The best known include the Ford family of Memphis, Tennessee, funeral home operators who sent a father and son to Congress In Detroit, funeral director Charles Diggs Sr. was a state legislator before his son won a seat in Washington and helped found the Congressional Black Caucus.
In cities throughout the South, funeral directors often supplied the limousines for visiting civil rights leaders when they came to rally supporters.
By late this summer, Georgia Dillon was preparing to turn over the business to her daughter and son-in-law.
“We talk and we cry and we try to build each other up. We tell each other we’ve got to keep his legacy going,” she said.
In New York, Gaffney is trying to do much the same, after years of practicing medicine while her brother ran the funeral home started by their parents.
During the first months of the pandemic, Gaffney said she warned her brother, who had some chronic health issues, to isolate himself.
But his death weeks later, at 65, confronted her with responsibilities well beyond her expertise.

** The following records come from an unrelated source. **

lemma holomorphic_Cd_uniform_limit:
  fixes F :: "nat \<Rightarrow> complex^'n \<Rightarrow> complex"
  assumes hol: "\<And>n. holomorphic_Cd (F n)"
    and lim: "\<And>R. uniform_limit (cball 0 R) F f sequentially"
  shows "holomorphic_Cd f"
  unfolding holomorphic_Cd_def
proof
  fix z :: "complex^'n"
  define S where "S = ball (0::complex^'n) (norm z + 1)"
  (* viewed in the Banach space of bounded linear maps, the derivatives are uniformly Cauchy
     by the Cauchy estimate, so has_derivative_sequence applies *)
  define D where "D n x = Blinfun (frechet_derivative (F n) (at x))" for n x
  note D = holomorphic_Cd_has_derivative_Blinfun[OF hol, folded D_def]
  have "uniformly_Cauchy_on (cball 0 (norm z + 1 + 1)) F"
    by (rule uniformly_convergent_Cauchy, rule uniformly_convergentI, rule lim)
  then have "uniformly_Cauchy_on S D"
    unfolding S_def D_def by (rule uniformly_Cauchy_on_holomorphic_Cd_derivatives[OF hol])
  then obtain G where G: "uniform_limit S D G sequentially"
    using Cauchy_uniformly_convergent uniformly_convergent_on_def by blast
  have "\<exists>g. \<forall>x\<in>S. (\<lambda>n. F n x) \<longlonglongrightarrow> g x \<and> (g has_derivative blinfun_apply (G x)) (at x within S)"
  proof (rule has_derivative_sequence[where ?x0.0 = z])
    show "\<forall>\<^sub>F n in sequentially. \<forall>x\<in>S. \<forall>h. norm (D n x h - G x h) \<le> e * norm h" if "0 < e" for e
      using G that by (rule uniform_limit_blinfun_apply)
    show "(\<lambda>n. F n z) \<longlonglongrightarrow> f z"
      using tendsto_uniform_limitI[OF lim[of "norm z"]] by simp
  qed (auto simp: S_def intro: has_derivative_at_withinI D)
  then obtain g where g: "\<And>x. x \<in> S \<Longrightarrow> (\<lambda>n. F n x) \<longlonglongrightarrow> g x \<and> (g has_derivative G x) (at x within S)"
    by blast
  have "g x = f x" if "x \<in> S" for x
    using g[OF that] tendsto_uniform_limitI[OF lim[of "norm x"]] LIMSEQ_unique by fastforce
  moreover have "z \<in> S" "open S"
    by (simp_all add: S_def)
  ultimately have "(f has_derivative G z) (at z)"
    using g[of z] at_within_open[of z S] has_derivative_transform_within_open[of g "G z" z UNIV S f]
    by simp
  moreover have "G z (c *s v) = c * G z v" for c v
  proof -
    have D_G: "(\<lambda>n. D n z u) \<longlonglongrightarrow> G z u" for u
      using tendsto_uniform_limitI[OF G \<open>z \<in> S\<close>] by (intro blinfun.tendsto) auto
    have "D n z (c *s v) = c * D n z v" for n
      by (rule holomorphic_Cd_derivative_complex_linear[OF hol D])
    then have "(\<lambda>n. D n z (c *s v)) \<longlonglongrightarrow> c * G z v"
      using tendsto_mult_left[OF D_G[of v], of c] by simp
    with D_G[of "c *s v"] show ?thesis
      by (rule LIMSEQ_unique)
  qed
  ultimately show "\<exists>L. (f has_derivative L) (at z) \<and> (\<forall>c v. L (c *s v) = c * L v)"
    by blast
qed

lemma nn_integral_le_of_pointwise_limit:
  assumes "\<And>m. u m \<in> borel_measurable M" "\<And>x. (\<lambda>m. u m x) \<longlonglongrightarrow> v x"
    and "\<forall>\<^sub>F m in sequentially. integral\<^sup>N M (u m) \<le> c"
  shows "integral\<^sup>N M v \<le> c"
proof -
  have "integral\<^sup>N M v = (\<integral>\<^sup>+x. liminf (\<lambda>m. u m x) \<partial>M)"
    using assms(2) by (intro nn_integral_cong) (metis lim_imp_Liminf trivial_limit_sequentially)
  also have "\<dots> \<le> liminf (\<lambda>m. integral\<^sup>N M (u m))"
    using assms(1) by (rule nn_integral_liminf)
  also have "\<dots> \<le> limsup (\<lambda>m. integral\<^sup>N M (u m))"
    by (rule Liminf_le_Limsup) simp
  also have "\<dots> \<le> c"
    using assms(3) by (rule Limsup_bounded)
  finally show ?thesis .
qed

With deaths soaring, she rented a refrigerated trailer to handle the overload. Every other week, Gaffney drove to New York from her home in Charlotte, North Carolina to take on the responsibilities her brother had left behind.
“It’s been an emotional journey,” said Gaffney said.
South Carolina’s Troy has faced somewhat different challenges, after years of working alongside his father.
The Troys had agreed that Shawn would take over the business during the next few years. But he had expected to do so with his father’s counsel, whose death left a void well beyond the chapel.
The elder Troy, known as Penn, had served as a county commissioner, local school board member and church treasurer. But those were just his official duties.
“If my mother didn’t have enough to feed us, he’d help us out. When you’re talking about Mr. Penn, he was the community,” said Jessica Godbolt, a former neighbor.
When officials voted to close a school because of declining enrollment, Troy pushed to turn it into a science academy that drew more students, said Cynthia Leggette, a longtime friend. Noting that a citizens committee lobbying for school improvements was overwhelmingly white, Troy brought Black parents into the fold.
Last summer, both Troys were hospitalized with COVID. The first months after his August death were the hardest.
Penn Troy’s charisma gave life to the business of death. Shawn Troy had mostly worked behind the scenes.
Near sunset recently, Troy paced down a row of headstones, planting tiny flags at an empty plot to mark it for a burial the following morning. Not 50 feet away, shadows stretched across his father’s grave.
“I don’t think I’ll ever get over it,” he said. “But I’ll get through it.”
Associated Press reporters Allen G. Breed and Angeliki Kastanis contributed to this story.